Task requirements: When the line containing "by (rule eventually_periodic_if_letter_count_stable[OF" appears in the data below, begin copying there and stop only after the line containing "real \<Rightarrow> nat".
── Information given ──
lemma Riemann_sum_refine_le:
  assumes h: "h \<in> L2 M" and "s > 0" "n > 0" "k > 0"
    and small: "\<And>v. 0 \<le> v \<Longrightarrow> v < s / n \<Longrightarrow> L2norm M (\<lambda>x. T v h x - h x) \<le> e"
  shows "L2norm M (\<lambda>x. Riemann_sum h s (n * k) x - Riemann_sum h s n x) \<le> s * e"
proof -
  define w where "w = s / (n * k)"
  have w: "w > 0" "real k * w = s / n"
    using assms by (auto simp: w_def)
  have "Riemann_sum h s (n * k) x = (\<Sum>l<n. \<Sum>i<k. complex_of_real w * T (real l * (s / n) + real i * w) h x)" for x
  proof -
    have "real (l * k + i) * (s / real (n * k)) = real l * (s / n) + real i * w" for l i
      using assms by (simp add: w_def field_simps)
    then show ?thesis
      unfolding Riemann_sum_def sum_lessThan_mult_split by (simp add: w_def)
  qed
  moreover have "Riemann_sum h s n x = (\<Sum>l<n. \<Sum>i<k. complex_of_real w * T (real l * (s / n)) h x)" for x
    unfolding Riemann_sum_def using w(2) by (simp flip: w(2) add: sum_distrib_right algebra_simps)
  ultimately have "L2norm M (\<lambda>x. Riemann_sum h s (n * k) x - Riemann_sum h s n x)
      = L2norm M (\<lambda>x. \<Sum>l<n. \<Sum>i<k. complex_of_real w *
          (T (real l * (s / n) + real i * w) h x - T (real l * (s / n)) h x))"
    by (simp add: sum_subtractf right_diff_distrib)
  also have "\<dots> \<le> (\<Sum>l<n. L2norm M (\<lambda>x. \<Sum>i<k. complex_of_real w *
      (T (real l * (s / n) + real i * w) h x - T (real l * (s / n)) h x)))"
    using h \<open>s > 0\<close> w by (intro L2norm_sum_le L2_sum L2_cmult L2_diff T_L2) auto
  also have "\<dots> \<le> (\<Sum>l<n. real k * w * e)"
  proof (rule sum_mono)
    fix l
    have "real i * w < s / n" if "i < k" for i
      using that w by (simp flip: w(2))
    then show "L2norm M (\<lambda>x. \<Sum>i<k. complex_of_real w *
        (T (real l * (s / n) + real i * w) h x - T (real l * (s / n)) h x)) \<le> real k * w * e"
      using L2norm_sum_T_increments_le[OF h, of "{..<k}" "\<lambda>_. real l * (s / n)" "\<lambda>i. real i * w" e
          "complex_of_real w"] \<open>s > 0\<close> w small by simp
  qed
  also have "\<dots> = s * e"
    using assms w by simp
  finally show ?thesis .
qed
───
── Information given ──
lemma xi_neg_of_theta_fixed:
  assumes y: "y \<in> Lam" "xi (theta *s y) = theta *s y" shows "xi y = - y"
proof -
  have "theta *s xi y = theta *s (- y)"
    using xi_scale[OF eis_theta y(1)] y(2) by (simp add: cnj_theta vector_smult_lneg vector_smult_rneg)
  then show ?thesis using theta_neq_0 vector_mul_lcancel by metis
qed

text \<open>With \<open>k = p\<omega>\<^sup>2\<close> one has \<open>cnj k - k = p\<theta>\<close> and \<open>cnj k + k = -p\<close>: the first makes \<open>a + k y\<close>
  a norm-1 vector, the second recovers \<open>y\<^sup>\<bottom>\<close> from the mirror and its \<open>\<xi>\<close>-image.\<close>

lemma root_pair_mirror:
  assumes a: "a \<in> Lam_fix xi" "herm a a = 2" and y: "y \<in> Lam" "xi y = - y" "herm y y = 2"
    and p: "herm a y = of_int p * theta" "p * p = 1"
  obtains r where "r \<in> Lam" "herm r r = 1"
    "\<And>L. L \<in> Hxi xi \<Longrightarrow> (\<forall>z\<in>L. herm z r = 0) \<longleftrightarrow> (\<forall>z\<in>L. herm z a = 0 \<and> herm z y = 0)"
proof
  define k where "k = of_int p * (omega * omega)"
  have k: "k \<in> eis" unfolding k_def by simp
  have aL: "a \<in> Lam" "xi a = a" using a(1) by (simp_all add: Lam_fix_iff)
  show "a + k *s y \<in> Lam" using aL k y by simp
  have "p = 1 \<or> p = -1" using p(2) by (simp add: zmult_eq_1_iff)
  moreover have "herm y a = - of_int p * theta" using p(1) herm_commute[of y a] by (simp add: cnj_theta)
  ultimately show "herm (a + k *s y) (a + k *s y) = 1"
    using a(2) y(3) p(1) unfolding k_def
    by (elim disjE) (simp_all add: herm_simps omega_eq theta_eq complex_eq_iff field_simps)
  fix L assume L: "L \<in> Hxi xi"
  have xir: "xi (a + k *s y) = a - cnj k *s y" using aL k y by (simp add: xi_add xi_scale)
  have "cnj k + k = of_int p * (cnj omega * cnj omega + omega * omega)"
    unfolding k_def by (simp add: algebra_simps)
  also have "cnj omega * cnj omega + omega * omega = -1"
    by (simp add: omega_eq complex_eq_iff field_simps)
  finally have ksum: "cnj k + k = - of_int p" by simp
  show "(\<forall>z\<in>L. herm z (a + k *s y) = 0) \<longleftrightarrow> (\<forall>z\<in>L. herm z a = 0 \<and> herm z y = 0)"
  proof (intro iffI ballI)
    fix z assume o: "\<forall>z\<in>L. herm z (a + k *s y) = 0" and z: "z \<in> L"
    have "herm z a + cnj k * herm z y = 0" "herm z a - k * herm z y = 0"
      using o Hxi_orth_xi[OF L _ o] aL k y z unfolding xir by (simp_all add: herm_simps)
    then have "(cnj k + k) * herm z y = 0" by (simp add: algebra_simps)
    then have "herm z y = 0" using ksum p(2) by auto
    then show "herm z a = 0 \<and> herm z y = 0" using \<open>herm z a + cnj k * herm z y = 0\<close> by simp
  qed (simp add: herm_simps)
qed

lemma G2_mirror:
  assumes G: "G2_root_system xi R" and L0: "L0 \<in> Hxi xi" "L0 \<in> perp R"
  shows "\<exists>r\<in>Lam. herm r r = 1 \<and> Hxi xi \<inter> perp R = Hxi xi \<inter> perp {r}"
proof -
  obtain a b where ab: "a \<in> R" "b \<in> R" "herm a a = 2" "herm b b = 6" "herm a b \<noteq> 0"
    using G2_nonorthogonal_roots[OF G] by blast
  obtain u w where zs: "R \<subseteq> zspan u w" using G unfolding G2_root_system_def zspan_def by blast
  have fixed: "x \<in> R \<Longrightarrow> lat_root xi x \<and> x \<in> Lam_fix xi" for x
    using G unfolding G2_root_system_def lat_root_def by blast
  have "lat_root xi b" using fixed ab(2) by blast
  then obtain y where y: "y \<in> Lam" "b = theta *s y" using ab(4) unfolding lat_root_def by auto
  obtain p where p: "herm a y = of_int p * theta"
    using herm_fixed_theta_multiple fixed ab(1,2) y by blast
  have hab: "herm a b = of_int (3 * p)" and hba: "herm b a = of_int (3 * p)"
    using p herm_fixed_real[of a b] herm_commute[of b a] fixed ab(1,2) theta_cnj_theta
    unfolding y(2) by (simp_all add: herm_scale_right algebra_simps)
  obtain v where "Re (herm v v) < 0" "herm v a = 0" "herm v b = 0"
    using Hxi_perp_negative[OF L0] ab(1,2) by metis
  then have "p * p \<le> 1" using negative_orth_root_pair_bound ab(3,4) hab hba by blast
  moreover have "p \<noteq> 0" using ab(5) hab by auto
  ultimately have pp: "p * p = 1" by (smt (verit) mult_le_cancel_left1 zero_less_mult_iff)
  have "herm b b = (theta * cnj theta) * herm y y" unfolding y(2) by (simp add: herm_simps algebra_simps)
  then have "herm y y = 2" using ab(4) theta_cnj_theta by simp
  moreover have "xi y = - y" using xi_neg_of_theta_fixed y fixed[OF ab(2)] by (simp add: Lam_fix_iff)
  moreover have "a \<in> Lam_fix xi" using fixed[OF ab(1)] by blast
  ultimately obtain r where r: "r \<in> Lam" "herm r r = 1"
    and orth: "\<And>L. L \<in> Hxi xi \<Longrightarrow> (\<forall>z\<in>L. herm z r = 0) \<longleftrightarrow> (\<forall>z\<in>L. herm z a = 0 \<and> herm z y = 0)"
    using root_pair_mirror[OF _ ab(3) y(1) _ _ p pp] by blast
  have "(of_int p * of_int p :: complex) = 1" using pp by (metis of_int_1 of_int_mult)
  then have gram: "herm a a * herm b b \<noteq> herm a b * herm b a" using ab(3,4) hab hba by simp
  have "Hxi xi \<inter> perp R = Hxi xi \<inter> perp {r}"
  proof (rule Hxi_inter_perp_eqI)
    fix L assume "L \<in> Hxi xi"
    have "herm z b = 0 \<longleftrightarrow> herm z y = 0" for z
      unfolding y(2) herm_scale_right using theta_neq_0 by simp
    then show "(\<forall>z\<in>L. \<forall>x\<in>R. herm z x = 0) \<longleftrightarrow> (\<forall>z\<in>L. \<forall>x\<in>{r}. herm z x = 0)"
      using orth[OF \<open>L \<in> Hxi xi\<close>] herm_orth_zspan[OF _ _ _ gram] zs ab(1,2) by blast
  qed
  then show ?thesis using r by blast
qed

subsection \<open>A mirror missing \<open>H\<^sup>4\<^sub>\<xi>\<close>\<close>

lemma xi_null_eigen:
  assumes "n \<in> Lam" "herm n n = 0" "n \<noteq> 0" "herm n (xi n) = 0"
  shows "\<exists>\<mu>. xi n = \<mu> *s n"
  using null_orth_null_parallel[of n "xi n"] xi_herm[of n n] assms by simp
───
── Information given ──
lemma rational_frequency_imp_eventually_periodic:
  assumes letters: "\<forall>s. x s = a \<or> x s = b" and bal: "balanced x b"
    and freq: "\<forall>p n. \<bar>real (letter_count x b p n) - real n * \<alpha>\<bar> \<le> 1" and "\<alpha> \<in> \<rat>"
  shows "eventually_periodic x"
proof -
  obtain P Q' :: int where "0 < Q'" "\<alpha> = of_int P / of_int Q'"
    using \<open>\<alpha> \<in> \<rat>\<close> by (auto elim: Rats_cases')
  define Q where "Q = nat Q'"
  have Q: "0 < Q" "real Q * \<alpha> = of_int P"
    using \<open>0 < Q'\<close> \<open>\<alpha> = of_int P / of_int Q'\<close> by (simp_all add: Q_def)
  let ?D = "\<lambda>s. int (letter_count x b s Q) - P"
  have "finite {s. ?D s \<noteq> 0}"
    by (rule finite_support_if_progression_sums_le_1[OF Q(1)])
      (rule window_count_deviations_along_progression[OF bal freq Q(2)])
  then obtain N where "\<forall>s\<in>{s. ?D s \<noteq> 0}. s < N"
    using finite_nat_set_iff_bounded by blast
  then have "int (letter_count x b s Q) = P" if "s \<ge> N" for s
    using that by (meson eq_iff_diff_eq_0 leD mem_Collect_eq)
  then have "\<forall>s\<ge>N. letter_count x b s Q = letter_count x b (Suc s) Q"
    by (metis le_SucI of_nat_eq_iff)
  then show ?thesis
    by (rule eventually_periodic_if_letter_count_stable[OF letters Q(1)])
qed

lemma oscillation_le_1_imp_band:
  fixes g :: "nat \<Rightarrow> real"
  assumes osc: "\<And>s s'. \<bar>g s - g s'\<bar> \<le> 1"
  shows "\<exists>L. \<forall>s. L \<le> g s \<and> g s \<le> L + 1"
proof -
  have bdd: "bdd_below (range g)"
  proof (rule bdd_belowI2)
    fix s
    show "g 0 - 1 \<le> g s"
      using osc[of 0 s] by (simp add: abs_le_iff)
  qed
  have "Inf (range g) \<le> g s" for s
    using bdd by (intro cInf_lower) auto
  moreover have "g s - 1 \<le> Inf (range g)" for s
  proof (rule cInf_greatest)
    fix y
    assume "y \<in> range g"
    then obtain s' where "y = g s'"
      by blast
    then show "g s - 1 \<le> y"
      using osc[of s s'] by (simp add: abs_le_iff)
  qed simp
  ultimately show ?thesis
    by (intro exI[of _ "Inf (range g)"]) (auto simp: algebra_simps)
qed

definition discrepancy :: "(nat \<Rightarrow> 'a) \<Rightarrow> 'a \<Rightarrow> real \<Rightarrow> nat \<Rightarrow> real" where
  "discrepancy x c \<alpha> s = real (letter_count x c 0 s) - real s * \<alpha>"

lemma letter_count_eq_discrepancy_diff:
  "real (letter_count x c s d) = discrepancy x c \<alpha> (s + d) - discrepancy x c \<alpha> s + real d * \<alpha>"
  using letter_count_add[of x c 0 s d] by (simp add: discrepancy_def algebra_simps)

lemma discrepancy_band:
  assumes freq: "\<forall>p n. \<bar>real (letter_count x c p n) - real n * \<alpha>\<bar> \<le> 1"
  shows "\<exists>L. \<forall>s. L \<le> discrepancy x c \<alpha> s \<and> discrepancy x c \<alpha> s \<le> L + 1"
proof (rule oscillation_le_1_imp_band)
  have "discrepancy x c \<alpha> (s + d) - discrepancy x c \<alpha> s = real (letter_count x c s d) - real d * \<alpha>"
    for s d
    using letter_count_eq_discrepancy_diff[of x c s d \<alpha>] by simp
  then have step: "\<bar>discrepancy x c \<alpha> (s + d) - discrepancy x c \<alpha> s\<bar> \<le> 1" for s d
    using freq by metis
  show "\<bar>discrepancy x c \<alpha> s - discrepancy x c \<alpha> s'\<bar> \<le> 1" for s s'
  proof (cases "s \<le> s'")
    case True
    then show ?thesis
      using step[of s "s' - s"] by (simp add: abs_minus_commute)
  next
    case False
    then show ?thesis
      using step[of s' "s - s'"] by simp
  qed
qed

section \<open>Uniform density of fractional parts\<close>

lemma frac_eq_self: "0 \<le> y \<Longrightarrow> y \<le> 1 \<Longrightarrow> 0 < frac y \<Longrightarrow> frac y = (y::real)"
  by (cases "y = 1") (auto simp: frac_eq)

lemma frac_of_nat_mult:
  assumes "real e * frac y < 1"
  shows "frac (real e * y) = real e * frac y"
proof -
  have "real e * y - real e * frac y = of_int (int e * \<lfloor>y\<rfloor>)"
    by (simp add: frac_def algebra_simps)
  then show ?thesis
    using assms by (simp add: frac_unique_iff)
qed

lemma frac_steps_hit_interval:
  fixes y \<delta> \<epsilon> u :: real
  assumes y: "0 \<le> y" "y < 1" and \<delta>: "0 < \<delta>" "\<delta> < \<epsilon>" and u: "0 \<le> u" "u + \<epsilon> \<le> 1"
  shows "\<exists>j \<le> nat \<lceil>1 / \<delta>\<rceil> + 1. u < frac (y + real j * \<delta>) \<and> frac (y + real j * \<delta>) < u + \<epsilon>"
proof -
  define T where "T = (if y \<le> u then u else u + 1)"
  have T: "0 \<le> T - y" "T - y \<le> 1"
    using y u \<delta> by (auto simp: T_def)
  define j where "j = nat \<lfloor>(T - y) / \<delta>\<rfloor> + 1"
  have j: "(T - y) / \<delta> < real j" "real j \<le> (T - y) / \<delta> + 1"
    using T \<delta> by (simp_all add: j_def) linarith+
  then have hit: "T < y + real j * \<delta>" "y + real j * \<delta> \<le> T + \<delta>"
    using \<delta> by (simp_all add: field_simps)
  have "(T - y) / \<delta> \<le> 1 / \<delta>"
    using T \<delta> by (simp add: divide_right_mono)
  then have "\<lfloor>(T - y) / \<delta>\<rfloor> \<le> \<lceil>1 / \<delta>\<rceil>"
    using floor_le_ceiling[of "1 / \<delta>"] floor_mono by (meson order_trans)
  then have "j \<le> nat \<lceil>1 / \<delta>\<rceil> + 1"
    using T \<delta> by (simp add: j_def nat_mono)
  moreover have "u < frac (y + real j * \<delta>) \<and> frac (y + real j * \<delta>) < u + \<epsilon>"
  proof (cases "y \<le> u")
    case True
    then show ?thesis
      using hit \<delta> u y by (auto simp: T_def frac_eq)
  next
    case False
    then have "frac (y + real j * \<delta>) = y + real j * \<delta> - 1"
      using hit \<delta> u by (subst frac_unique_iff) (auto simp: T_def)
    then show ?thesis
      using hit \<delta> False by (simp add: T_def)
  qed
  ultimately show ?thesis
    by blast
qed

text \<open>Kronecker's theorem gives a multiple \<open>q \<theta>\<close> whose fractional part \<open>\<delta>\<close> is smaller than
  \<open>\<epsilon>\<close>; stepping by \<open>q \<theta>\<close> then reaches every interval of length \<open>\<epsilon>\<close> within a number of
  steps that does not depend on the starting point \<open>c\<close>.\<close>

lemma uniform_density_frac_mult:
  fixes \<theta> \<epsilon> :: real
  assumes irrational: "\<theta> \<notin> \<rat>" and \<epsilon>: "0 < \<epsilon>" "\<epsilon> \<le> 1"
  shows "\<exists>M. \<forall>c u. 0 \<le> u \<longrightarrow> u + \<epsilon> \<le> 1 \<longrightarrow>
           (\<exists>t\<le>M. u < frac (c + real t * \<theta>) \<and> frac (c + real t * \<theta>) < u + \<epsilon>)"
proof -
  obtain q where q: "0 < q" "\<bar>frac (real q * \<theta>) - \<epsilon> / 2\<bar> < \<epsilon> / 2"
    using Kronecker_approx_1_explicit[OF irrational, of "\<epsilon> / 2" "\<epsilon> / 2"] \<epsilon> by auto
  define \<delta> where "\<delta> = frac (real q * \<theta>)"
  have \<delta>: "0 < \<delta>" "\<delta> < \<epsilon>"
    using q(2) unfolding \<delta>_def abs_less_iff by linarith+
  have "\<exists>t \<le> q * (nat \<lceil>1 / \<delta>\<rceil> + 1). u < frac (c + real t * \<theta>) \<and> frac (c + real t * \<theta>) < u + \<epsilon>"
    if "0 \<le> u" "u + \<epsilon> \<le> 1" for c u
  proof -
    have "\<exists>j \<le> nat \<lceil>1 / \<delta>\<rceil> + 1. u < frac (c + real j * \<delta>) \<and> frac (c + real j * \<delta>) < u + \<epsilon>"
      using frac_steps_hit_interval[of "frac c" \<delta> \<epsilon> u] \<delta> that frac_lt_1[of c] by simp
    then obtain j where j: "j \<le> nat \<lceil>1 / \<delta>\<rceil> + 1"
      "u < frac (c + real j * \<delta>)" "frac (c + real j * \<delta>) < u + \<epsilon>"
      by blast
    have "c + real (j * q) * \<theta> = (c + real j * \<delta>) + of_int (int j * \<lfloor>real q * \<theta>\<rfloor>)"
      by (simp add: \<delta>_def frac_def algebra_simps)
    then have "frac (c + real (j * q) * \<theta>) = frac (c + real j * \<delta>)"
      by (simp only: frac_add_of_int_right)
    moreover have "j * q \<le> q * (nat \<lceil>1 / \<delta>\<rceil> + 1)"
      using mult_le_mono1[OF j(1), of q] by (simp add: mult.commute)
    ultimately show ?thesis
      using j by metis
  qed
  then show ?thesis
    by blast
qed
───
Exercise output:
    by (rule eventually_periodic_if_letter_count_stable[OF letters Q(1)])
qed

lemma oscillation_le_1_imp_band:
  fixes g :: "nat \<Rightarrow> real"
  assumes osc: "\<And>s s'. \<bar>g s - g s'\<bar> \<le> 1"
  shows "\<exists>L. \<forall>s. L \<le> g s \<and> g s \<le> L + 1"
proof -
  have bdd: "bdd_below (range g)"
  proof (rule bdd_belowI2)
    fix s
    show "g 0 - 1 \<le> g s"
      using osc[of 0 s] by (simp add: abs_le_iff)
  qed
  have "Inf (range g) \<le> g s" for s
    using bdd by (intro cInf_lower) auto
  moreover have "g s - 1 \<le> Inf (range g)" for s
  proof (rule cInf_greatest)
    fix y
    assume "y \<in> range g"
    then obtain s' where "y = g s'"
      by blast
    then show "g s - 1 \<le> y"
      using osc[of s s'] by (simp add: abs_le_iff)
  qed simp
  ultimately show ?thesis
    by (intro exI[of _ "Inf (range g)"]) (auto simp: algebra_simps)
qed

definition discrepancy :: "(nat \<Rightarrow> 'a) \<Rightarrow> 'a \<Rightarrow> real \<Rightarrow> nat \<Rightarrow> real" where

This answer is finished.